2020-02-06 Thread Martijn Dekker
This is probably the strangest bug (or maybe pair of bugs) I've run into 
in nearly five years of breaking shells by developing modernish.


I've traced it to an interaction between bash >= 4.2 (i.e.: bash with 
shopt -s lastpipe) and variants of the Almquist shell, at least: dash, 
gwsh, Busybox ash, FreeBSD sh, and NetBSD 9.0rc2 sh.


Symptom: if 'return' is invoked on bash in the last element of a pipe 
executed in the main shell environment, then if you subsequently 'exec' 
an Almquist shell variant so that it has the same PID, its 'wait' 
builtin breaks.


I can consistently reproduce this on Linux, macOS, FreeBSD, NetBSD 
9.0rc2, OpenBSD, and Solaris.


To reproduce this, you need bash >= 4.2, some Almquist shell variant, 
and these two test scripts:


---begin test.bash---
fn() {
: | return
}
shopt -s lastpipe || exit
fn
exec "${1:-dash}" test.ash
---end test.bash---

---begin test.ash---
echo '*ash-begin'
: &
echo '*ash-middle'
wait "$!"
echo '*ash-end'
---end test.ash---

When executing test.bash with dash, gwsh, Busybox ash, or FreeBSD sh, 
then test.ash simply waits forever on executing 'wait "$!"'.


$ bash test.bash 
*ash-begin
*ash-middle
(nothing until ^C)

NetBSD sh behaves differently. NetBSD 8.1 sh (as installed on sdf.org 
and sdf-eu.org) seem to act completely normally, but NetBSD 9.0rc2 sh 
(on my VirtualBox test VM) segfaults. Output on NetBSD 9.0rc2:


$ bash test.bash /bin/sh
*ash-begin
*ash-middle
[1]   Segmentation fault   bash test.bash sh

I don't know if the different NetBSD sh behaviour is because the older 
NetBSD sh doesn't have the bug, or because some factor on the sdf*.org 
systems causes it to not be triggered.


To me, this smells like the use of some uninitialised value on various 
Almquist shells. Tracing that is beyond my expertise though.


Whether this also represents a bug in bash or not, I can't say. But no 
other shells trigger this that I've found, not even ksh93 and zsh which 
also execute the last element of a pipe in the main shell environment.


- Martijn

--
modernish -- harness the shell
https://github.com/modernish/modernish



Re: Bizarre interaction bug involving bash w/ lastpipe + Almquist 'wait'

2020-02-06 Thread Harald van Dijk via Bug reports for the GNU Bourne Again SHell

On 06/02/2020 16:12, Martijn Dekker wrote:
This is probably the strangest bug (or maybe pair of bugs) I've run into 
in nearly five years of breaking shells by developing modernish.


I've traced it to an interaction between bash >= 4.2 (i.e.: bash with 
shopt -s lastpipe) and variants of the Almquist shell, at least: dash, 
gwsh, Busybox ash, FreeBSD sh, and NetBSD 9.0rc2 sh.


Symptom: if 'return' is invoked on bash in the last element of a pipe 
executed in the main shell environment, then if you subsequently 'exec' 
an Almquist shell variant so that it has the same PID, its 'wait' 
builtin breaks.


I can consistently reproduce this on Linux, macOS, FreeBSD, NetBSD 
9.0rc2, OpenBSD, and Solaris.


To reproduce this, you need bash >= 4.2, some Almquist shell variant, 
and these two test scripts:


---begin test.bash---
fn() {
 : | return
}
shopt -s lastpipe || exit
fn
exec "${1:-dash}" test.ash
---end test.bash---

---begin test.ash---
echo '*ash-begin'
: &
echo '*ash-middle'
wait "$!"
echo '*ash-end'
---end test.ash---

When executing test.bash with dash, gwsh, Busybox ash, or FreeBSD sh, 
then test.ash simply waits forever on executing 'wait "$!"'.


Nice test. bash leaves the process in a state where SIGCHLD is blocked, 
and the various ash-based shells do not unblock it.

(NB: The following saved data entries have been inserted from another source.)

text \<open>
  Let g = g_\<alpha>(h); positivity of h on (0, b) gives 0 < g < b. Among the lines through (g, h g)
  with negative slope c, the integral of the \<beta>-th power over the part right of g is explicit and
  decreasing in c, so exactly one of them matches the integral of h^\<beta> over [g, b]. Concavity
  makes this line dominate h on [0, g]: otherwise a steeper secant from the left would bound h from
  above beyond g and leave too little mass there. Its foot \<delta> lies beyond b because the chord from
  (g, h g) to (b, 0) stays below h. Then \<gamma> is chosen by continuity so that the line carries the
  whole mass of h^\<beta>. Finally, on [0, g] and on [g, \<delta>] the difference between the two
  profiles changes sign at most once, from + to -, and equal total integrals of such functions
  are ordered on every tail.
\<close>

lemma has_integral_powr_line:
  fixes c d a \<beta> :: real
  assumes "c > 0" "a \<le> d" "\<beta> > -1"
  shows "((\<lambda>t. (c * (d - t)) powr \<beta>) has_integral c powr \<beta> * (d - a) powr (\<beta> + 1) / (\<beta> + 1)) {a..d}"
proof -
  define F where "F t = - (c powr \<beta> * (d - t) powr (\<beta> + 1) / (\<beta> + 1))" for t
  have "((\<lambda>t. (c * (d - t)) powr \<beta>) has_integral F d - F a) {a..d}"
  proof (rule fundamental_theorem_of_calculus_interior)
    show "continuous_on {a..d} F"
      unfolding F_def using assms by (intro continuous_intros continuous_on_powr') auto
    fix x assume "x \<in> {a<..<d}"
    then have "(F has_real_derivative (c * (d - x)) powr \<beta>) (at x)"
      unfolding F_def using assms by (auto intro!: derivative_eq_intros simp: powr_mult)
    then show "(F has_vector_derivative (c * (d - x)) powr \<beta>) (at x)"
      by (simp add: has_real_derivative_iff_has_vector_derivative)
  qed fact
  moreover have "F d - F a = c powr \<beta> * (d - a) powr (\<beta> + 1) / (\<beta> + 1)"
    unfolding F_def using assms by simp
  ultimately show ?thesis by simp
qed
lemma rinv_resolvent:
  assumes A: "nonpos_unit N A" and B: "nonpos_unit N B"
  shows "rinv N A = (\<lambda>n a b. rinv N B n a b
           - lmul N (lmul N (rinv N A) (\<lambda>n a b. A n a b - B n a b)) (rinv N B) n a b)"
proof -
  let ?RA = "rinv N A" and ?RB = "rinv N B" and ?D = "\<lambda>n a b. A n a b - B n a b"
  have dA: "deg_le 0 A" and dB: "deg_le 0 B" and sB: "square N B"
    using A B unfolding nonpos_unit_def by auto
  have dD: "deg_le 0 ?D" using deg_le_add[OF dA deg_le_smult[OF dB, of "-1"]] by simp
  have dRAD: "deg_le 0 (lmul N ?RA ?D)" using deg_le_lmul[OF deg_le_rinv dD] by simp
  have "lmul N ?RA (\<lambda>n a b. A n a b - ?D n a b)
      = (\<lambda>n a b. lmul N ?RA A n a b - lmul N ?RA ?D n a b)"
    by (rule lmul_diff_right[OF deg_le_rinv dA dD])
  then have RA_B: "lmul N ?RA B = (\<lambda>n a b. lone N n a b - lmul N ?RA ?D n a b)"
    by (simp add: lmul_rinv_left[OF A])
  have "?RA = lmul N ?RA (lmul N B ?RB)"
    using lmul_rinv_right[OF B] lmul_lone_right[OF square_rinv] by simp
  also have "\<dots> = lmul N (lmul N ?RA B) ?RB" by (rule lmul_assoc[symmetric, OF deg_le_rinv dB deg_le_rinv])
  also have "\<dots> = (\<lambda>n a b. ?RB n a b - lmul N (lmul N ?RA ?D) ?RB n a b)"
    unfolding RA_B
    by (simp add: lmul_diff_left[OF deg_le_lone dRAD deg_le_rinv] lmul_lone_left[OF square_rinv])
  finally show ?thesis .
qed

lemma eventually_nonpos_unit_add:
  assumes A: "nonpos_unit N A" and V: "deg_le 0 V" "square N V" "twisted N V"
  shows "\<forall>\<^sub>F t in at 0. nonpos_unit N (\<lambda>n a b. A n a b + t * V n a b)"
proof -
  have dA: "deg_le 0 A" and sA: "square N A" and tA: "twisted N A"
    using A unfolding nonpos_unit_def by auto
  have nz: "A n a b \<noteq> 0 \<or> V n a b \<noteq> 0" if "A n a b + t * V n a b \<noteq> 0" for t n a b
    using that by auto
  have AV: "square N (\<lambda>n a b. A n a b + t * V n a b)" "twisted N (\<lambda>n a b. A n a b + t * V n a b)"
    "deg_le 0 (\<lambda>n a b. A n a b + t * V n a b)" for t
  proof -
    show "square N (\<lambda>n a b. A n a b + t * V n a b)" using sA V(2) nz unfolding square_def by blast
    show "twisted N (\<lambda>n a b. A n a b + t * V n a b)" using tA V(3) nz unfolding twisted_def by blast
    show "deg_le 0 (\<lambda>n a b. A n a b + t * V n a b)" by (rule deg_le_add[OF dA deg_le_smult[OF V(1)]])
  qed
  have "\<forall>\<^sub>F t in at 0. A 0 a a + t * V 0 a a \<noteq> 0" if "a < N" for a
    using A that unfolding nonpos_unit_def
    by (intro tendsto_imp_eventually_ne[of _ "A 0 a a"]) (auto intro!: tendsto_eq_intros)
  then have "\<forall>\<^sub>F t in at 0. \<forall>a\<in>{..<N}. A 0 a a + t * V 0 a a \<noteq> 0"
    by (intro eventually_ball_finite) auto
  then show ?thesis by (rule eventually_mono) (simp add: nonpos_unit_def AV)
qed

Because of that, 
they do not pick up on the fact that the child process has terminated. I 
would consider this a bug both in bash and in the ash-based shells.


Cheers,
Harald van Dijk



Re: Bizarre interaction bug involving bash w/ lastpipe + Almquist 'wait'

2020-02-06 Thread Robert Elz
Date:Thu, 6 Feb 2020 19:29:41 +
From:Harald van Dijk 
Message-ID:  

  | Nice test.

Yes!

  | and the various ash-based shells do not unblock it.

We do now, the fix for that will be in 9.0 when it is released.
("now" as in as of the past half hour...)

  | Because of that, 
  | they do not pick up on the fact that the child process has terminated.

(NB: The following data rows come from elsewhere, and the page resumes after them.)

lemma Dres_modular:
  assumes "(\<alpha>, \<beta>) \<in> S" "Im \<tau> > 0" "a * d - b * c = 1"
    and modular: "\<And>z. z \<notin> poles S \<tau> \<Longrightarrow>
        \<psi> ((of_int a * \<tau> + of_int b) / (of_int c * \<tau> + of_int d)) (z / (of_int c * \<tau> + of_int d))
        = (of_int c * \<tau> + of_int d) powi k
          * ee (of_int m / of_nat N * (of_int c * z\<^sup>2 / (of_int c * \<tau> + of_int d))) * \<psi> \<tau> z"
  shows "Dres \<psi> m N (\<alpha>, \<beta>) ((of_int a * \<tau> + of_int b) / (of_int c * \<tau> + of_int d))
       = (of_int c * \<tau> + of_int d) powi (k - 1)
         * Dres \<psi> m N (of_int a * \<alpha> + of_int c * \<beta>, of_int b * \<alpha> + of_int d * \<beta>) \<tau>"
proof -
  define x where "x = (of_int m / of_nat N :: complex)"
  define j where "j = of_int c * \<tau> + (of_int d :: complex)"
  define \<tau>' where "\<tau>' = (of_int a * \<tau> + of_int b) / j"
  define q where "q = zpt (\<alpha>, \<beta>) \<tau>'"
  define E where "E = (\<lambda>z. ee (x * (of_int c * z\<^sup>2 / j)))"
  have j: "j \<noteq> 0"
    unfolding j_def by (rule moebius_denominator_nonzero[OF assms(2,3)])
  have \<tau>': "Im \<tau>' > 0"
    unfolding \<tau>'_def j_def by (rule Im_moebius_pos[OF assms(2,3)])
  have zpt: "zpt (of_int a * \<alpha> + of_int c * \<beta>, of_int b * \<alpha> + of_int d * \<beta>) \<tau> = j * q"
    unfolding q_def zpt_def \<tau>'_def using j by (simp add: field_simps of_rat_add of_rat_mult j_def)
  have "eventually (\<lambda>z. \<psi> \<tau> z = inverse (j powi k * E z) * \<psi> \<tau>' (z / j)) (at (j * q))"
    using eventually_not_in_poles[OF assms(2)]
  proof eventually_elim
    case (elim z)
    have "\<psi> \<tau>' (z / j) = j powi k * E z * \<psi> \<tau> z"
      using modular[OF elim] by (simp add: \<tau>'_def j_def E_def x_def)
    then show ?case
      using j ee_nonzero by (simp add: E_def field_simps)
  qed
  moreover have "(\<lambda>z. inverse (j powi k * E z)) analytic_on {j * q}"
    unfolding E_def ee_def using j by (auto intro!: analytic_intros)
  ultimately have res: "residue (\<psi> \<tau>) (j * q) = j * inverse (j powi k * E (j * q)) * residue (\<psi> \<tau>') q"
    using residue_scaled_simple_pole isolated_singularity is_pole_zpt zorder_zpt assms(1) \<tau>' j
    unfolding q_def by blast
  have exponent: "ee (x * of_rat \<alpha> * q) * E (j * q) = ee (x * of_rat (of_int a * \<alpha> + of_int c * \<beta>) * (j * q))"
  proof -
    have jq: "j * q = of_rat \<alpha> * (of_int a * \<tau> + of_int b) + of_rat \<beta> * j"
      unfolding q_def zpt_def \<tau>'_def using j by (simp add: field_simps)
    have det: "of_int a * of_int d - of_int b * of_int c = (1::complex)"
      by (metis assms(3) of_int_1 of_int_diff of_int_mult)
    have key: "of_rat \<alpha> + of_int c * (j * q) = (of_int a * of_rat \<alpha> + of_int c * of_rat \<beta>) * j"
      using det jq unfolding j_def by algebra
    have "x * of_rat \<alpha> * q + x * (of_int c * (j * q)\<^sup>2 / j) = x * ((of_rat \<alpha> + of_int c * (j * q)) * q)"
      using j by (simp add: power2_eq_square algebra_simps)
    also have "\<dots> = x * (of_int a * of_rat \<alpha> + of_int c * of_rat \<beta>) * (j * q)"
      unfolding key by (simp add: mult_ac)
    finally show ?thesis
      unfolding E_def ee_add by (simp add: of_rat_add of_rat_mult)
  qed
  show ?thesis
    unfolding Dres_def fst_conv snd_conv zpt res j_def[symmetric] \<tau>'_def[symmetric] q_def[symmetric] x_def[symmetric]
    using j exponent[symmetric] ee_nonzero by (simp add: E_def power_int_diff field_simps)
qed

end

theorem proposition4p3:
  fixes N :: nat and k m :: int
    and \<Gamma> :: "(int \<times> int \<times> int \<times> int) set"
    and \<psi> :: "complex \<Rightarrow> complex \<Rightarrow> complex"
    and S :: "(rat \<times> rat) set"
  assumes N: "N \<ge> 1" and m: "m > 0"
    and Gam: "\<Gamma> = Gamma0 N \<or> \<Gamma> = Gamma1 N"
    and mero: "\<And>\<tau>. Im \<tau> > 0 \<Longrightarrow> \<psi> \<tau> meromorphic_on UNIV"
    and hol_z: "\<And>\<tau>. Im \<tau> > 0 \<Longrightarrow> \<psi> \<tau> analytic_on (UNIV - poles S \<tau>)"
    and hol_tau: "\<And>z. (\<lambda>\<tau>. \<psi> \<tau> z) holomorphic_on {\<tau>. Im \<tau> > 0 \<and> z \<notin> poles S \<tau>}"
    and pole_set: "\<And>\<tau>. Im \<tau> > 0 \<Longrightarrow> {z. is_pole (\<psi> \<tau>) z} = poles S \<tau>"
    and simple: "\<And>\<tau> z. Im \<tau> > 0 \<Longrightarrow> z \<in> poles S \<tau> \<Longrightarrow> zorder (\<psi> \<tau>) z = -1"
    and modular: "\<And>a b c d \<tau> z. (a,b,c,d) \<in> \<Gamma> \<Longrightarrow> Im \<tau> > 0 \<Longrightarrow> z \<notin> poles S \<tau> \<Longrightarrow>
        \<psi> ((of_int a * \<tau> + of_int b) / (of_int c * \<tau> + of_int d)) (z / (of_int c * \<tau> + of_int d))
        = (of_int c * \<tau> + of_int d) powi k
          * ee (of_int m / of_nat N * (of_int c * z\<^sup>2 / (of_int c * \<tau> + of_int d))) * \<psi> \<tau> z"
    and elliptic: "\<And>l u \<tau> z. int N dvd l \<Longrightarrow> Im \<tau> > 0 \<Longrightarrow> z \<notin> poles S \<tau> \<Longrightarrow>
        \<psi> \<tau> (z + of_int l * \<tau> + of_int u)
        = ee (- (of_int m / of_nat N) * (of_int l ^ 2 * \<tau> + 2 * of_int l * z + of_int l * of_int u)) * \<psi> \<tau> z"
  shows "(\<forall>\<alpha> \<beta> l u \<tau>. (\<alpha>, \<beta>) \<in> S \<longrightarrow> int N dvd l \<longrightarrow> Im \<tau> > 0 \<longrightarrow>
            Dres \<psi> m N (\<alpha> + of_int l, \<beta> + of_int u) \<tau>
            = ee (of_int m / of_nat N * (of_int u * of_rat \<alpha> - of_int l * of_rat \<beta>)) * Dres \<psi> m N (\<alpha>, \<beta>) \<tau>)
       \<and> (\<forall>\<alpha> \<beta> a b c d \<tau>. (\<alpha>, \<beta>) \<in> S \<longrightarrow> (a,b,c,d) \<in> \<Gamma> \<longrightarrow> Im \<tau> > 0 \<longrightarrow>
            Dres \<psi> m N (\<alpha>, \<beta>) ((of_int a * \<tau> + of_int b) / (of_int c * \<tau> + of_int d))
            = (of_int c * \<tau> + of_int d) powi (k - 1)
              * Dres \<psi> m N (of_int a * \<alpha> + of_int c * \<beta>, of_int b * \<alpha> + of_int d * \<beta>) \<tau>)"
proof -
  interpret simple_pole_family \<psi> S
    by unfold_locales (fact mero pole_set simple)+
  have det: "a * d - b * c = 1" if "(a, b, c, d) \<in> \<Gamma>" for a b c d
    using Gam that by (auto simp: Gamma0_def Gamma1_def)
  show ?thesis
    by (intro conjI allI impI Dres_translate Dres_modular elliptic modular det) assumption+
qed

end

It was actually a race condition, for me it 'worked' about half the time
(seems to depend whether the wait happens in the parent before or after
the sub-process exits).

kre

ps: that core dump was an "impossible to happen" condition that this
actually made happen, that will be fixed as well, both by actually now
making it impossible like it was supposed to be (by not blocking or
ignoring SIGCHLD, ever) and by testing for it happening anyway...

The secondary fix for that one is still to be committed after I investigate
some more - I know what happened, just need to make sure what will happen
now if this situation which should never occur ever does happen again.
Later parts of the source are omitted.